Well I guess everyone got tired of this thread...Certainly Understandable....I think I'll just take that Walmart innertube with the Dinosaur head on it I saw the other day..Cheers.


----------



## Preston H. (Jun 25, 2008)

MtnGuyXC said:


> Well I guess everyone got tired of this thread...Certainly Understandable.....


Probably because this is one of the most frequently asked questions here. Do a search and you will find hours of reading on the subject.

IMO, the faster the boat, the better. But it all depends on what you're into. Do you like a tiny boat in biggish water? Are you a front surfing maniac? Are you a squirt boater? Are there any squirt boaters left?


----------



## cosurfgod (Oct 10, 2003)

I'm headed down in August and I am willing to buy a boat just for the trip. The rpm sounds good but I was thinking of something a little slicier. 

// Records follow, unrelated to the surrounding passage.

lemma char_poly_unitary_conj_diag:
  fixes d :: "nat \<Rightarrow> complex"
  assumes U: "U \<in> carrier_mat n n" and HU: "conj_transpose_mat U * U = 1\<^sub>m n"
  shows "char_poly (U * mat_diag n d * conj_transpose_mat U) = (\<Prod>k<n. [:- d k, 1:])"
proof -
  have "similar_mat (U * mat_diag n d * conj_transpose_mat U) (mat_diag n d)"
    using U HU unitary_mat_right_inverse[OF U HU] conj_transpose_mat_carrier[OF U]
      mult_carrier_mat[OF mult_carrier_mat[OF U mat_diag_dim] conj_transpose_mat_carrier[OF U]]
    by (intro similar_matI[of _ _ U _ n]) auto
  moreover have "upper_triangular (mat_diag n d)"
    by (rule upper_triangularI) (simp add: mat_diag_def)
  hence "char_poly (mat_diag n d) = (\<Prod>a\<leftarrow>diag_mat (mat_diag n d). [:- a, 1:])"
    by (rule char_poly_upper_triangular[OF mat_diag_dim])
  moreover have "diag_mat (mat_diag n d) = map d [0..<n]"
    by (simp add: diag_mat_def mat_diag_def list_eq_iff_nth_eq)
  ultimately show ?thesis
    by (simp add: char_poly_similar prod.distinct_set_conv_list[symmetric] atLeast0LessThan)
qed

lemma normal_real_mat_of_unitary_diag:
  fixes d :: "nat \<Rightarrow> complex"
  assumes A: "A \<in> carrier_mat n n" and U: "U \<in> carrier_mat n n"
    and HU: "conj_transpose_mat U * U = 1\<^sub>m n"
    and AU: "map_mat complex_of_real A = U * mat_diag n d * conj_transpose_mat U"
  shows "normal_real_mat A"
proof -
  have AT: "transpose_mat A \<in> carrier_mat n n" using A by simp
  have "map_mat complex_of_real (A * transpose_mat A) = map_mat complex_of_real (transpose_mat A * A)"
    using unitary_conj_diag_normal[OF U HU AU]
    by (simp add: of_real_mat_mult[OF A AT] of_real_mat_mult[OF AT A] conj_transpose_of_real_mat)
  hence "A * transpose_mat A = transpose_mat A * A"
    by (rule of_real_hom.mat_hom_inj)
  thus ?thesis unfolding normal_real_mat_def .
qed

lemma index_rev_id_mat_mult:
  assumes "(A :: 'a :: comm_ring_1 mat) \<in> carrier_mat n k" and "i < n" and "j < k"
  shows "(rev_id_mat n * A) $$ (i,j) = A $$ (n-1-i, j)"
proof -
  have "(rev_id_mat n * A) $$ (i,j) = (\<Sum>t<n. (if i + t = n-1 then 1 else 0) * A $$ (t,j))"
    using assms by (simp add: rev_id_mat_def scalar_prod_def atLeast0LessThan)
  also have "\<dots> = (\<Sum>t<n. (if t = n-1-i then A $$ (t,j) else 0))"
    by (rule sum.cong) (use assms in auto)
  finally show ?thesis using assms by simp
qed

lemma index_mult_rev_id_mat:
  assumes "(A :: 'a :: comm_ring_1 mat) \<in> carrier_mat k n" and "i < k" and "j < n"
  shows "(A * rev_id_mat n) $$ (i,j) = A $$ (i, n-1-j)"
proof -
  have "(A * rev_id_mat n) $$ (i,j) = (\<Sum>t<n. A $$ (i,t) * (if t + j = n-1 then 1 else 0))"
    using assms by (simp add: rev_id_mat_def scalar_prod_def atLeast0LessThan)
  also have "\<dots> = (\<Sum>t<n. (if t = n-1-j then A $$ (i,t) else 0))"
    by (rule sum.cong) (use assms in auto)
  finally show ?thesis using assms by simp
qed

lemma centrosymmetricI:
  assumes A: "(A :: 'a :: comm_ring_1 mat) \<in> carrier_mat n n"
    and sym: "\<And>i j. i < n \<Longrightarrow> j < n \<Longrightarrow> A $$ (n-1-i, n-1-j) = A $$ (i,j)"
  shows "centrosymmetric A"
proof -
  have J: "rev_id_mat n \<in> carrier_mat n n" by (simp add: rev_id_mat_def)
  have "rev_id_mat n * A * rev_id_mat n = A"
  proof (rule eq_matI)
    fix i j assume "i < dim_row A" and "j < dim_col A"
    hence i: "i < n" and j: "j < n" using A by auto
    have "(rev_id_mat n * A * rev_id_mat n) $$ (i,j) = (rev_id_mat n * A) $$ (i, n-1-j)"
      using index_mult_rev_id_mat[OF mult_carrier_mat[OF J A] i j] .
    also have "\<dots> = A $$ (n-1-i, n-1-j)" using index_rev_id_mat_mult[OF A i] j by simp
    also have "\<dots> = A $$ (i,j)" using sym[OF i j] .
    finally show "(rev_id_mat n * A * rev_id_mat n) $$ (i,j) = A $$ (i,j)" .
  qed (use A in \<open>auto simp: rev_id_mat_def\<close>)
  thus ?thesis unfolding centrosymmetric_def using A by simp
qed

-necky orbit (if it fits). Does anyone know how it fits?
-pyrahha s8 or s6. They seem hard to find. 
-riot dominatrix
-wavesport z or xxx

Any other suggestions or anybody have one of these for cheap?
Thanks!


----------



## rivervibe (Apr 24, 2007)

Dude, the XXX would be an interesting trip down the Canyon. I'm not a big guy and paddled one for years back when it was a new boat and developed bone spurs on the sides of my feet. There's just not a lot of room up there. Think of comfort for a whole trip. Also, in big water like that it would pretty much be like squirt boating the whole way. I'd love to see video of it done though!


----------



## eljim (Sep 19, 2007)

I took a Z and my New Wave Underdog squirt boat. I'm 6'2 190lbs. I paddled the squirt boat thru the rapids (except the Jems long 30 something mile day). I don't like round hulls for surfing. Tapeats creek looked good to go when we hiked to thunder river. Have fun!


----------



## Awoody (Nov 15, 2006)

22' snout rig with female pilots, and the following kayaks on board: RPM, Riot Techno and Glide, Orbit Fish, Rockstar, carbon slalom boat, Techline Sin and a ForPlay. And I wouldn't paddle a single inch of flatwater.


----------



## Daggerdave (Sep 21, 2010)

deseil. no question


----------



## cosurfgod (Oct 10, 2003)

Awoody, you know I'm a motor boatin son of bitch. Just looking for the right boat for the canyon. Diesel?! Seriously? Get a pair.


----------



## ZGjethro (Apr 10, 2008)

I used a Dagger vortex in 1995 and my wavesport Y in 2000. I have a comfy S8 now, but I might be tempted to take a faster boat.

If I was smaller, a boat like the old Dagger Redline (kinda like a flat bottomed RPM) might be and option for fast front surfing. My old Dagger outburst (10'-10") was the boat I wish I had had down there.


----------